The Land
So I took the job. We start out at six in the morning, picking peaches or peas, depending on which is ready, or do various odd jobs around the farm and orchard. We sell our produce at the farm, which is on one of the more heavily used thoroughfares in our county. It can be hard sweaty work once the sun comes up high enough, by midmorning, to heat things up. Lately the humidity has been high, even at sunrise- that stiffling thickness of air (it doesn't have to be hot outside temperature wise to be hot and humid) that clings to you and soaks through. The peaches have been smaller than usual, thanks to the hurricane which stressed them extensively, and then a prolonged drought that really began after the hurricane.
But I have enjoyed working there. Granted, waking up every morning before light- something I'm not accustomed to- can get a little old, but I find myself now feeling out of place if, on a day off, I wake up later, after sunrise. Then working out on the land, among living things, as the sun is climbing up and burning through the fog out over the bottomlands down below (the farm is up on a fairly substantial ridge)- is beautiful, and calming. Every morning has its own poetic aura to it (even the heavy humid ones). Gathering and selling the produce is rewarding: you tend the trees, then pick the fruit and sort it out yourself; you get to see both the work and its end. Gradually you begin to feel a connection to the land, to the living things you work with, and the soil and sky around.
My greatgrandmother, who is still living (she is almsot 89), kept extensive vegetable gardens until last year; her health has declined a great deal lately and only that has kept her indoors. She has often told me how much she loves to garden, to work in the fields planting, tending, and picking. She would be out working in her peas and corn right now if she could, not because she has to, but becasue she genuinely loves the land and its fruit, has that connection down in her blood with it. In my few days of farm work I have begun to somewhat understand that love, the satisfaction and poetry, the contentment of having earth under your fingernails and sweat on your brow and the smell of grass and corn and soil in your nose, in your blood.

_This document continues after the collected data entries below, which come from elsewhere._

lemma edist_eq_iff_sq_dist_eq: "edist n x y = edist n u v \<longleftrightarrow> sq_dist n x y = sq_dist n u v"
proof -
  have "edist n x y = sqrt (real_of_int (sq_dist n x y))" for x y
    by (simp add: edist_def sq_dist_def)
  then show ?thesis by simp
qed

lemma sq_dist_alpha_perm:
  assumes "s permutes {..<n}"
  shows "sq_dist n (alpha_perm s x) (alpha_perm s y) = sq_dist n x y"
  unfolding sq_dist_def alpha_perm_def
  using sum.permute[OF permutes_inv[OF assms], of "\<lambda>i. (int (x i) - int (y i))\<^sup>2"]
  by (simp add: o_def)

lemma inner_at_polarization:
  "2 * inner_at n w u v = sq_dist n u w + sq_dist n v w - sq_dist n u v"
proof -
  have "sq_dist n u w + sq_dist n v w - sq_dist n u v
      = (\<Sum>j<n. (int (u j) - int (w j))\<^sup>2 + (int (v j) - int (w j))\<^sup>2 - (int (u j) - int (v j))\<^sup>2)"
    by (simp add: sq_dist_def sum.distrib sum_subtractf)
  also have "\<dots> = (\<Sum>j<n. 2 * ((int (u j) - int (w j)) * (int (v j) - int (w j))))"
    by (rule sum.cong) (auto simp: power2_eq_square algebra_simps)
  finally show ?thesis by (simp add: inner_at_def sum_distrib_left)
qed

lemma sum_power2_eq_1_int:
  fixes q :: "'a \<Rightarrow> int"
  assumes "finite I" and "(\<Sum>j\<in>I. (q j)\<^sup>2) = 1"
  shows "\<exists>j\<in>I. (q j)\<^sup>2 = 1 \<and> (\<forall>k\<in>I. k \<noteq> j \<longrightarrow> q k = 0)"
proof -
  obtain j where j: "j \<in> I" "q j \<noteq> 0"
    using assms(2) by (metis (mono_tags, lifting) power_zero_numeral sum.neutral zero_neq_one)
  have split: "(q j)\<^sup>2 + (\<Sum>k\<in>I-{j}. (q k)\<^sup>2) = 1"
    using assms j by (simp add: sum.remove)
  have "(q j)\<^sup>2 > 0" using j(2) by simp
  moreover have "(\<Sum>k\<in>I-{j}. (q k)\<^sup>2) \<ge> 0" by (simp add: sum_nonneg)
  ultimately have "(q j)\<^sup>2 = 1" and rest: "(\<Sum>k\<in>I-{j}. (q k)\<^sup>2) = 0"
    using split by linarith+
  moreover have "\<forall>k\<in>I-{j}. q k = 0"
    using rest sum_nonneg_eq_0_iff[of "I-{j}" "\<lambda>k. (q k)\<^sup>2"] assms(1) by simp
  ultimately show ?thesis using j(1) by blast
qed

definition far_points :: "nat \<Rightarrow> nat \<Rightarrow> (nat \<Rightarrow> nat) set" where
  "far_points n M = {x \<in> Pts n. \<exists>k<n. M < x k}"

lemma cofinite_contains_far_points:
  assumes "finite (Pts n - D)"
  shows "\<exists>M. far_points n M \<subseteq> D"
proof -
  obtain M where M: "\<forall>c\<in>(\<lambda>(x, k). x k) ` ((Pts n - D) \<times> {..<n}). c \<le> M"
    using assms finite_nat_set_iff_bounded_le by blast
  have "far_points n M \<subseteq> D"
    using M by (force simp: far_points_def)
  then show ?thesis ..
qed

definition probe :: "nat \<Rightarrow> nat \<Rightarrow> nat \<Rightarrow> nat \<Rightarrow> nat \<Rightarrow> nat" where
  "probe n M t i = (\<lambda>j. if j < n then if j = i then t else M + 1 else 0)"

lemma probe_in_far_points:
  assumes "1 \<le> t" and "i < n" and "M < t \<or> 2 \<le> n"
  shows "probe n M t i \<in> far_points n M"
proof -
  have "\<exists>k<n. M < probe n M t i k"
  proof (cases "M < t")
    case True
    then show ?thesis using assms(2) by (auto simp: probe_def)
  next
    case False
    define k where "k = (if i = 0 then 1 else 0::nat)"
    have "k < n" "k \<noteq> i" using False assms(3) by (auto simp: k_def)
    then show ?thesis by (auto simp: probe_def)
  qed
  then show ?thesis using assms(1) by (auto simp: far_points_def Pts_def probe_def)
qed

lemma sq_dist_probe:
  assumes "i < n"
  shows "sq_dist n (probe n M (M + 2) i) (probe n M (M + 1) i) = 1"
proof -
  have "sq_dist n (probe n M (M + 2) i) (probe n M (M + 1) i) = (\<Sum>j<n. if j = i then 1 else 0)"
    unfolding sq_dist_def by (rule sum.cong) (auto simp: probe_def)
  then show ?thesis using assms by simp
qed

lemma inner_at_probe:
  assumes "i < n"
  shows "inner_at n (probe n M (M + 1) i) x (probe n M (M + 2) i) = int (x i) - int (M + 1)"
proof -
  have "inner_at n (probe n M (M + 1) i) x (probe n M (M + 2) i)
      = (\<Sum>j<n. if j = i then int (x i) - int (M + 1) else 0)"
    unfolding inner_at_def by (rule sum.cong) (auto simp: probe_def)
  then show ?thesis using assms by simp
qed

lemma alpha_perm_eq_on_cofinite_imp_eq:
  assumes s: "s permutes {..<n}" and t: "t permutes {..<n}" and "finite (Pts n - D)"
    and eq: "\<And>x. x \<in> D \<Longrightarrow> alpha_perm s x = alpha_perm t x"
  shows "s = t"
proof
  fix i
  obtain M where M: "far_points n M \<subseteq> D" using cofinite_contains_far_points[OF assms(3)] by blast
  show "s i = t i"
  proof (cases "i < n")
    case True
    let ?x = "probe n M (M + 2) i"
    have "?x \<in> D" using M probe_in_far_points[of "M + 2" i n M] True by auto
    moreover have "alpha_perm s ?x (s i) = M + 2"
      using alpha_perm_apply[OF s] True by (simp add: probe_def)
    ultimately have "alpha_perm t ?x (s i) = M + 2" using eq[OF \<open>?x \<in> D\<close>] by simp
    moreover have "inv t (s i) < n"
      using True permutes_in_image[OF s] permutes_in_image[OF permutes_inv[OF t]] by simp
    ultimately have "inv t (s i) = i" by (auto simp: alpha_perm_def probe_def split: if_splits)
    then show ?thesis using permutes_inv_eq[OF t] by simp
  next
    case False
    then show ?thesis using permutes_not_in[OF s] permutes_not_in[OF t] by simp
  qed
qed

There is something sacramental about work, and I suspect it runs even deeper when that work is with the land and with living things. We were created as tenders of a garden, made from the soil of the earth, and that connection still beats down within us somewhere. In our industrialized (post-industrialized almost for some of us) world however it is easy to sever that connection. I could elaborate but there is no need to: the land, the soil, free air and water and trees, are things mostly foreign to us. They are not part of what we do, how we live. There is something sad about that loss, though I do not imagine there is much we can do to reverse it. Nor do I suggest that a 'return to the land' is practical or desirable for most of us. Yet the loss is still, I think, a loss. It is one that is increasingly global, as farmers are driven off their land by economic forces far beyond their control; or they grow tired of agriculture (it is much harder in developing-world countries!) and seek the cities for jobs. Sometimes their situation grows worse, sometimes better. Either way something is lost, as more farms are either consolidated or abandoned.
The farm I work at is really a labour of love, with precious little real profit: so are most small, non-mega farms in this country. Suburbia is already creeping up around the peach orchards, strange as that is to contemplate in rural Jones County. I wonder how long such places will survive? If- or perhaps when- they are all gone there will be a genuine loss, a loss of some of the poetry and life and beauty in the world.